Silent cerebral vasospasm following surgical resection of vestibular schwannomas is much more common than previously thought. This might mean that the cerebral circulation shows a high reactivity to surgical trauma, and it can be hypothesized that this happens not only in elastic and muscular arteries but also in arterioles—and especially those within the cerebellopontine angle. From this perspective, prevention of vasospasm is useful for microvascular protection of the cranial nerves. Papaverine is known to be a potent vasodilator directly acting on smooth muscle and causing it to relax.
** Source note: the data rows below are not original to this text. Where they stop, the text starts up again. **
lemma embedding_map_by_positive_coordinates:
  fixes \<phi> :: "'a \<Rightarrow> 'i \<Rightarrow> real"
  assumes cont: "continuous_map X (powertop_real UNIV) \<phi>" and t1: "t1_space X"
    and sep: "\<And>U y. openin X U \<Longrightarrow> y \<in> U \<Longrightarrow>
                \<exists>i. \<phi> y i > 0 \<and> (\<forall>z\<in>topspace X. \<phi> z i > 0 \<longrightarrow> z \<in> U)"
  shows "embedding_map X (powertop_real UNIV) \<phi>"
proof -
  let ?Y = "subtopology (powertop_real UNIV) (\<phi> ` topspace X)"
  have inj: "inj_on \<phi> (topspace X)"
  proof
    fix y z assume y: "y \<in> topspace X" and z: "z \<in> topspace X" and eq: "\<phi> y = \<phi> z"
    show "y = z"
    proof (rule ccontr)
      assume "y \<noteq> z"
      have "openin X (topspace X - {z})"
        using t1 z by (simp add: t1_space_closedin_singleton closedin_def)
      then obtain i where "\<phi> y i > 0" "\<forall>w\<in>topspace X. \<phi> w i > 0 \<longrightarrow> w \<in> topspace X - {z}"
        using sep[of "topspace X - {z}" y] y \<open>y \<noteq> z\<close> by blast
      thus False using eq z by auto
    qed
  qed
  have "open_map X ?Y \<phi>"
    unfolding open_map_def
  proof (intro allI impI)
    fix U assume U: "openin X U"
    obtain coord where coord: "\<And>y. y \<in> U \<Longrightarrow>
        \<phi> y (coord y) > 0 \<and> (\<forall>z\<in>topspace X. \<phi> z (coord y) > 0 \<longrightarrow> z \<in> U)"
      using sep[OF U] by metis
    define W where "W = (\<Union>y\<in>U. {p::'i\<Rightarrow>real. p (coord y) > 0})"
    have "openin (powertop_real UNIV) {p::'i\<Rightarrow>real. p (coord y) > 0}" for y
    proof -
      have "openin (powertop_real UNIV) {p \<in> topspace (powertop_real UNIV). p (coord y) \<in> {0<..}}"
        by (rule openin_continuous_map_preimage[OF continuous_map_product_projection]) auto
      thus ?thesis by simp
    qed
    hence "openin (powertop_real UNIV) W" unfolding W_def by (intro openin_Union) auto
    moreover have "\<phi> ` U = W \<inter> \<phi> ` topspace X"
    proof
      show "\<phi> ` U \<subseteq> W \<inter> \<phi> ` topspace X"
        using coord openin_subset[OF U] unfolding W_def by fastforce
      show "W \<inter> \<phi> ` topspace X \<subseteq> \<phi> ` U"
        using coord unfolding W_def by fastforce
    qed
    ultimately show "openin ?Y (\<phi> ` U)" using openin_subtopology_Int[of _ W] by simp
  qed
  moreover have "continuous_map X ?Y \<phi>"
    using cont by (auto simp: continuous_map_in_subtopology)
  ultimately have "embedding_map X ?Y \<phi>"
    using injective_open_imp_embedding_map inj by blast
  thus ?thesis using embedding_map_in_subtopology by blast
qed

definition weighted_bumps ::
    "(nat \<Rightarrow> 's \<Rightarrow> 'i) \<Rightarrow> (nat \<Rightarrow> 's \<Rightarrow> 'a \<Rightarrow> real) \<Rightarrow> 'a \<Rightarrow> 'i \<Rightarrow> real" where
  "weighted_bumps lab h y i =
     (if i \<in> range (case_prod lab)
      then (case inv (case_prod lab) i of (k, s) \<Rightarrow> (1/2)^(k+1) * h k s y) else 0)"

lemma weighted_bumps_label:
  assumes "inj (case_prod lab)"
  shows "weighted_bumps lab h y (lab k s) = (1/2)^(k+1) * h k s y"
proof -
  have "inv (case_prod lab) (lab k s) = (k, s)"
    using inv_f_f[OF assms, of "(k, s)"] by simp
  thus ?thesis unfolding weighted_bumps_def by (auto intro: rev_image_eqI[of "(k, s)"])
qed

lemma weighted_bumps_outside: "i \<notin> range (case_prod lab) \<Longrightarrow> weighted_bumps lab h y i = 0"
  by (simp add: weighted_bumps_def)

lemma weighted_bumps_in_l2_ball:
  assumes lab: "inj (case_prod lab)"
    and range: "\<And>k s. 0 \<le> h k s y \<and> h k s y \<le> 1"
    and disjoint: "\<And>k s t. h k s y \<noteq> 0 \<Longrightarrow> h k t y \<noteq> 0 \<Longrightarrow> s = t"
  shows "weighted_bumps lab h y \<in> l2_ball (range (case_prod lab))"
  unfolding l2_ball_def
proof (intro CollectI conjI allI impI)
  let ?v = "weighted_bumps lab h y"
  show "?v i = 0" if "i \<notin> range (case_prod lab)" for i
    using that by (rule weighted_bumps_outside)
  fix F assume F: "finite F \<and> F \<subseteq> range (case_prod lab)"
  define level where "level i = fst (inv (case_prod lab) i)" for i
  have level: "level (lab k s) = k" for k s
    using inv_f_f[OF lab, of "(k, s)"] by (simp add: level_def)
  have labelled: "\<exists>k s. i = lab k s" if "i \<in> F" for i
    using F that by fastforce
  show "(\<Sum>i\<in>F. (?v i)\<^sup>2) \<le> 1"
  proof (rule weighted_square_sum_le_1[where \<kappa>=level])
    show "finite F" using F by blast
    show "0 \<le> ?v i \<and> ?v i \<le> (1/2)^(level i + 1)" if iF: "i \<in> F" for i
    proof -
      obtain k s where i: "i = lab k s" using labelled[OF iF] by blast
      show ?thesis
        using range[of k s] unfolding i level weighted_bumps_label[OF lab]
        by (simp add: mult_left_le)
    qed
    show "inj_on level {i \<in> F. ?v i \<noteq> 0}"
    proof
      fix i j assume i: "i \<in> {i \<in> F. ?v i \<noteq> 0}" and j: "j \<in> {i \<in> F. ?v i \<noteq> 0}"
        and same_level: "level i = level j"
      obtain k s where i_lab: "i = lab k s" using labelled i by blast
      obtain k' t where j_lab: "j = lab k' t" using labelled j by blast
      have "k' = k" using same_level by (simp add: i_lab j_lab level)
      hence "h k s y \<noteq> 0" "h k t y \<noteq> 0"
        using i j by (simp_all add: i_lab j_lab weighted_bumps_label[OF lab])
      hence "s = t" by (rule disjoint)
      thus "i = j" using i_lab j_lab \<open>k' = k\<close> by simp
    qed
  qed
qed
Intra-arterial administration of papaverine has been used to treat arterial vasospasm after aneurysmal subarachnoid hemorrhage. When applied topically, it acts as a smooth muscle relaxant to break intraoperative vasospasm. The most important side effects of topical papaverine in vestibular schwannoma surgery are transient palsies of facial and cochlear nerves. It has been proposed that intracisternal papaverine at a concentration of 0.3% would be reasonably safe.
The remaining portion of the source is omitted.